Türkiye'nin, çoğunluğu Avrupa'da olmak üzere dünya genelinde 6,5
milyona yakın vatandaşı, yani diasporası bulunduğunu ifade eden
Erdoğan, bunların arasında iş dünyası, akademi, siyaset, sinema,
edebiyat, ticaret ve basın yayın hayatında ciddi başarılara imza
atan isimler olduğuna dikkati çekerek, "Nerede ikamet ederlerse
etsin, onların başarılarını kendi başarımız olarak görüyoruz ancak
bunların arasında kimi zaman maalesef birilerine yaranmak için olsa
gerek ülkemize husumette yarışanlar da çıkabiliyor. Türkiye'ye ve
Türk milletine düşmanlığı görev addeden bir sürü mankurt tipleri de
üzüntüyle takip ediyoruz. Yabancılar ülkemizle ilgili
değerlendirmelerde en azından bazı ilkelere saygı gösterirken bu
tetikçiler, her türlü yalanı ve iftirayı fütursuzca kullanıyorlar.

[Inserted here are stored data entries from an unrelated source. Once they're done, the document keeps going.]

(* Let $\gamma_1,\gamma_2\in[0,1)$, $\beta\ge0$, let $q_1^\star$ be the unique solution of $b_1(q_1)=0$ and $q_2^\star$ the unique solution of $b_2(q_1^\star,q_2)=0$, and let $\pi_2^\star$ be the policy induced by $q_2^\star$. Suppose $l_1^\star,l_2^\star:\mathcal S\times\mathcal A\to\mathbb R$ with $l_2^\star\ge0$ satisfy, for all functions $h$ on $\mathcal S\times\mathcal A$, $$\langle l_2^\star,(I-\gamma_2P_2^{\pi_2^\star})h\rangle_{\rho_2}=\langle q_2^\star,h\rangle_{\rho_2},\qquad \langle l_1^\star,(I-\gamma_1P_1^\mu)h\rangle_{\rho_1}=\beta\langle q_1^\star,h\rangle_{\rho_1}+\langle l_2^\star,(I-\Pi_\mu)h\rangle_{\rho_2}.$$ Then $(q_1^\star,q_2^\star,l_1^\star,l_2^\star)$ is a saddle point of $\mathcal L^\beta_{\rm coup}$, i.e. $\mathcal L^\beta_{\rm coup}(q_1^\star,q_2^\star,l_1,l_2)\le \mathcal L^\beta_{\rm coup}(q_1^\star,q_2^\star,l_1^\star,l_2^\star)\le\mathcal L^\beta_{\rm coup}(q_1,q_2,l_1^\star,l_2^\star)$ for all $q_1,q_2,l_1,l_2$, and for every $(q_1,q_2)$, $$\mathcal L^\beta_{\rm coup}(q_1,q_2,l_1^\star,l_2^\star)-\mathcal L^\beta_{\rm coup}(q_1^\star,q_2^\star,l_1^\star,l_2^\star)\ge\frac\beta2\|q_1-q_1^\star\|_{\rho_1}^2+\frac12\|q_2-q_2^\star\|_{\rho_2}^2.$$
   Context: Setup: $\mathcal S$ and $\mathcal A$ are finite sets; functions on $\mathcal S\times\mathcal A$ are real vectors. For a probability distribution $\rho$ on $\mathcal S\times\mathcal A$, $\langle f,h\rangle_\rho=\sum_{s,a}\rho(s,a)f(s,a)h(s,a)$, $\|f\|_\rho^2=\langle f,f\rangle_\rho$; $\rho_1,\rho_2$ are probability distributions on $\mathcal S\times\mathcal A$. $P_1,P_2$ are transition kernels. $\mu$ is an anchor policy, $g:\mathcal S\to\mathbb R$, $C\in\mathbb R$, $u_g^\star$ a given function on $\mathcal S\times\mathcal A$. $(\Pi_\mu q)(s,a):=\sum_{a'}\mu(a'\mid s)q(s,a')$; $(P_1^\mu q)(s,a):=\sum_{s'}P_1(s'\mid s,a)\sum_{a'}\mu(a'\mid s')q(s',a')$; for $v:\mathcal S\to\mathbb R$, $(P_2v)(s,a):=\sum_{s'}P_2(s'\mid s,a)v(s')$; for a policy $\pi$, $(P_2^\pi h)(s,a):=\sum_{s'}P_2(s'\mid s,a)\sum_{a'}\pi(a'\mid s')h(s',a')$. With $\tau_2>0$ and full-support $\pi_{2,\rm ref}$, $\Omega(q)(s):=\tau_2\log\sum_a\pi_{2,\rm ref}(a\mid s)e^{q(s,a)/\tau_2}$, and the policy induced by $q$ is $\pi_q(a\mid s)=\pi_{2,\rm ref}(a\mid s)e^{q(s,a)/\tau_2}/\sum_{a'}\pi_{2,\rm ref}(a'\mid s)e^{q(s,a')/\tau_2}$. Residuals $b_1(q_1):=u_g^\star+\gamma_1P_1^\mu q_1-q_1$, $b_2(q_1,q_2):=(I-\Pi_\mu)q_1+g+C+\gamma_2P_2\Omega(q_2)-q_2$. Coupled Lagrangian: $\mathcal L^\beta_{\rm coup}(q_1,q_2,l_1,l_2):=\frac\beta2\|q_1\|_{\rho_1}^2+\frac12\|q_2\|_{\rho_2}^2+\langle l_1,b_1(q_1)\rangle_{\rho_1}+\langle l_2,b_2(q_1,q_2)\rangle_{\rho_2}$. *)

theory Defs
  imports Complex_Main
begin

definition ip :: "('s::finite \<Rightarrow> 'a::finite \<Rightarrow> real) \<Rightarrow> ('s \<Rightarrow> 'a \<Rightarrow> real) \<Rightarrow> ('s \<Rightarrow> 'a \<Rightarrow> real) \<Rightarrow> real" where
  "ip \<rho> f h = (\<Sum>s\<in>UNIV. \<Sum>a\<in>UNIV. \<rho> s a * f s a * h s a)"

definition normsq :: "('s::finite \<Rightarrow> 'a::finite \<Rightarrow> real) \<Rightarrow> ('s \<Rightarrow> 'a \<Rightarrow> real) \<Rightarrow> real" where
  "normsq \<rho> f = ip \<rho> f f"

definition is_dist :: "('s::finite \<Rightarrow> 'a::finite \<Rightarrow> real) \<Rightarrow> bool" where
  "is_dist \<rho> \<longleftrightarrow> (\<forall>s a. 0 \<le> \<rho> s a) \<and> (\<Sum>s\<in>UNIV. \<Sum>a\<in>UNIV. \<rho> s a) = 1"

definition is_kernel :: "('s::finite \<Rightarrow> 'a::finite \<Rightarrow> 's \<Rightarrow> real) \<Rightarrow> bool" where
  "is_kernel P \<longleftrightarrow> (\<forall>s a s'. 0 \<le> P s a s') \<and> (\<forall>s a. (\<Sum>s'\<in>UNIV. P s a s') = 1)"

definition is_policy :: "('s::finite \<Rightarrow> 'a::finite \<Rightarrow> real) \<Rightarrow> bool" where
  "is_policy \<pi> \<longleftrightarrow> (\<forall>s a. 0 \<le> \<pi> s a) \<and> (\<forall>s. (\<Sum>a\<in>UNIV. \<pi> s a) = 1)"

text \<open>(Pi_mu q)(s,a) = sum_a' mu(a'|s) q(s,a'); here mu s a' = mu(a'|s).\<close>
definition Pi_pol :: "('s::finite \<Rightarrow> 'a::finite \<Rightarrow> real) \<Rightarrow> ('s \<Rightarrow> 'a \<Rightarrow> real) \<Rightarrow> 's \<Rightarrow> 'a \<Rightarrow> real" where
  "Pi_pol \<mu> q s a = (\<Sum>a'\<in>UNIV. \<mu> s a' * q s a')"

Buldukları her fırsatta milletimiz hakkında hakaretamiz cümleler
kurmayı maharet sanıyorlar. Başka ülkelerin lejyoneri olmayı bize
'gazetecilik, akademisyenlik, ilericilik' diye yutturmaya
çalışıyorlar" dedi.
"MEYDANI FETÖ'CÜLERE ASLA BIRAKMAYACAĞIZ"
Erdoğan, Türkiye'nin yurt dışındaki temsili ve tanıtımında da
gençlere önemli görevler düştüğünü ifade ederek, "Boş durmak yok.
Burada bu kadar arkadaşlar ediniyorsunuz, öyleyse çalışacaksınız.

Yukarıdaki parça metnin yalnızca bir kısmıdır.